The same is true for urban areas that have a higher density of buildings and facilities, a lower population density, and where there are no major thoroughfares.
Children who live in such an environment are more likely to be physically active, spend less time in sedentary activities, sleep longer and walk or bike to school, the researchers found. Barcelona Institute for Global Health, which is supported by the foundation
We’ve known for a long time that favorable environments are good for health, whether with green spaces or safe spaces where children can play, move around, where they can be children.commented Dr. Claudel Pétrin-Desrosiers, who chairs the Quebec Association of Physicians for the Environment.
” But here, having studied it in European cohorts in different countries over several years, I think it adds additional weight to the argument that the urban environment is perhaps even more important than we thought for health. toddlers. »
Such studies, she continues,
should encourage political decision-makers to pay a little more attention to the development of living environments to give everyone, including those in the most economically disadvantaged neighborhoods, the chance to grow up healthy.
The authors of the study looked at 1,581 children aged 6 to 11 from six European cohorts. They then assessed their exposure to 32 environmental characteristics, close to home or near school, such as the density of traffic on the nearest road or the proximity of green or blue spaces.
Researchers found that the use of active transportation increased, and time spent in sedentary activities decreased, where children were exposed to more green spaces. In addition, the proximity of a major artery cut almost five minutes per night, on average, from children’s sleep time.
Nearly two-thirds of the children in this study were not getting at least 60 minutes of moderate or vigorous physical activity per day, as recommended by the World Health Organization. Nearly 60% of them spent at least two hours a day on a screen.
Supportive urban planning helps address several pressing health issues that affect children, including the fact that many are sedentary, that we often move little at this timeunderlined Dr. Pétrin-Desrosiers.
But having favorable environments allows us to have children who are more active. It is good for health in the short, medium and long term.
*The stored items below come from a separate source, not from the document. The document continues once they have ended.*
lemma row_local_Rtri: "row_local n (Rtri n)"
proof -
  have "row_local n (\<lambda>X. fold (rho n) [1..<n-1] X)"
    unfolding rho_def
    by (intro row_local_fold row_local_id row_local_foldr row_local_lmap) auto
  then have "row_local n (\<lambda>X. rmap n (fold (rho n) [1..<n-1] X))"
    using row_local_comp row_local_rmap by blast
  moreover have "row_local n (\<lambda>X. foldr (bmap n) [2..<n+1] X)"
    by (intro row_local_foldr row_local_bmap) auto
  ultimately show ?thesis
    unfolding Rtri_def rho_last_def using row_local_comp by blast
qed

text \<open>The definition of \<open>Ttri\<close> pads the first \<open>n - 1\<close> rows with ones before applying \<open>T\<^sub>n\<^sub>-\<^sub>1\<close>;
row locality makes the padding invisible.\<close>

lemma row_local_truncate:
  assumes "row_local m F"
  shows "(\<lambda>i j. if i \<le> m then F (\<lambda>p q. if p \<le> m then X p q else 1) i j else X i j) = F X"
  using assms unfolding row_local_def by (fastforce simp: fun_eq_iff)

lemma Ttri_le_2: "n \<le> 2 \<Longrightarrow> Ttri n X = X"
  by (auto simp: le_Suc_eq numeral_2_eq_2)

lemma Ttri_Suc_if_row_local:
  assumes "row_local m (Ttri m)" "2 \<le> m"
  shows "Ttri (Suc m) X = Rtri (Suc m) (Ttri m X)"
proof -
  obtain k where m: "m = k + 2" using assms(2) le_Suc_ex by (metis add.commute)
  have "Ttri (Suc m) X = Rtri (Suc m)
      (\<lambda>i j. if i \<le> m then Ttri m (\<lambda>p q. if p \<le> m then X p q else 1) i j else X i j)"
    unfolding m by (simp add: eval_nat_numeral)
  also have "\<dots> = Rtri (Suc m) (Ttri m X)"
    by (simp only: row_local_truncate[OF assms(1)])
  finally show ?thesis .
qed

lemma row_local_Ttri: "row_local m (Ttri m)"
proof (induction m)
  case (Suc m)
  show ?case
  proof (cases "2 \<le> m")
    case True
    have "row_local (Suc m) (\<lambda>X. Rtri (Suc m) (Ttri m X))"
      using row_local_comp[OF row_local_mono[OF Suc.IH] row_local_Rtri] by simp
    then show ?thesis
      unfolding Ttri_Suc_if_row_local[OF Suc.IH True, abs_def] .
  next
    case False
    then have "Ttri (Suc m) = (\<lambda>X. X)" by (simp add: Ttri_le_2 fun_eq_iff)
    then show ?thesis by (simp add: row_local_id)
  qed
qed (simp add: Ttri_le_2 row_local_id)

lemma Ttri_Suc: "2 \<le> m \<Longrightarrow> Ttri (Suc m) X = Rtri (Suc m) (Ttri m X)"
  by (rule Ttri_Suc_if_row_local[OF row_local_Ttri])

lemma log_unimodular_Ttri: "2 \<le> n \<Longrightarrow> n \<le> N \<Longrightarrow> log_unimodular (tri N) (Ttri n)"
proof (induction n rule: dec_induct)
  case base
  then show ?case using log_unimodular_id[OF finite_tri] Ttri_le_2[of 2] by simp
next
  case (step n)
  then show ?case
    using log_unimodular_Rtri[OF step.IH] Ttri_Suc[OF step.hyps(1)] by simp
qed

theorem theorem6p2:
  fixes n :: nat and u :: "nat \<times> nat \<Rightarrow> real"
  assumes "n \<ge> 2"
  shows "\<exists>J :: nat \<times> nat \<Rightarrow> nat \<times> nat \<Rightarrow> real.
           (\<forall>a\<in>tri n. \<forall>b\<in>tri n.
              ((\<lambda>s. logT n (u(b := s)) a) has_real_derivative J a b) (at (u b)))
         \<and> (det_on (tri n) J = 1 \<or> det_on (tri n) J = -1)"
proof -
  obtain JT where jac: "has_curve_jacobian (log_map (Ttri n)) JT"
    and det: "\<bar>det_on (tri n) (jacobian_matrix JT u)\<bar> = 1"
    using log_unimodular_Ttri[OF assms order_refl] unfolding log_unimodular_def by blast
  have "((\<lambda>s. logT n (u(b := s)) a) has_real_derivative jacobian_matrix JT u a b) (at (u b))" for a b
  proof -
    have "((\<lambda>s. (u(b := s)) c) has_real_derivative (if c = b then 1 else 0)) (at (u b))" for c
      by (auto intro!: derivative_eq_intros)
    from jac[unfolded has_curve_jacobian_def, rule_format,
        of "\<lambda>s. u(b := s)" "\<lambda>c. if c = b then 1 else 0", OF this]
    have "((\<lambda>s. log_map (Ttri n) (u(b := s)) a) has_real_derivative
        JT u (\<lambda>c. if c = b then 1 else 0) a) (at (u b))"
      by simp
    moreover have "logT n = log_map (Ttri n)"
      by (simp add: logT_def log_map_def fun_eq_iff)
    ultimately show ?thesis
      unfolding jacobian_matrix_def by simp
  qed
  with det show ?thesis by (intro exI[of _ "jacobian_matrix JT u"]) auto
qed

end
The primary determinant of an individual’s health, she adds,
% de sa santé.”,”text”:”n’est pas l’accès à un médecin de famille ou au système de santé, mais plutôt l’environnement dans lequel il existe et qui est responsable d’environ 70% de sa santé.”}}”>is not access to a family doctor or the health care system, but rather the environment in which he exists and which is responsible for about 70% of his health.
Such studies demonstrate that, for a population of children, it is possible to act very concretely in the development of our living environments and our communities, outside of what can be done in the network. of health, to contribute to good health and to put in place healthy pillarsdid she say.
We must also stop believing that a
contact with nature is necessarily a three day hike in the Rockies.
When we offer children access to community sports, when we establish protected cycle paths or fairly wide sidewalks, when we offer attractive parks, the impact is not long in being felt.said Dr. Pétrin-Desrosiers.
We saw it with the green alleysshe concluded.
Parents feel much safer sending their child outside to play because the risk of an accident with an automobile is greatly reduced. People will make the right decisions if they are given the opportunity to do so, and that includes having access in their community, in their neighbourhood, to quality green spaces.
The cohorts of children studied came from the UK, France, Spain, Lithuania, Norway and Greece.
The findings of this study were published by the journal Environment International.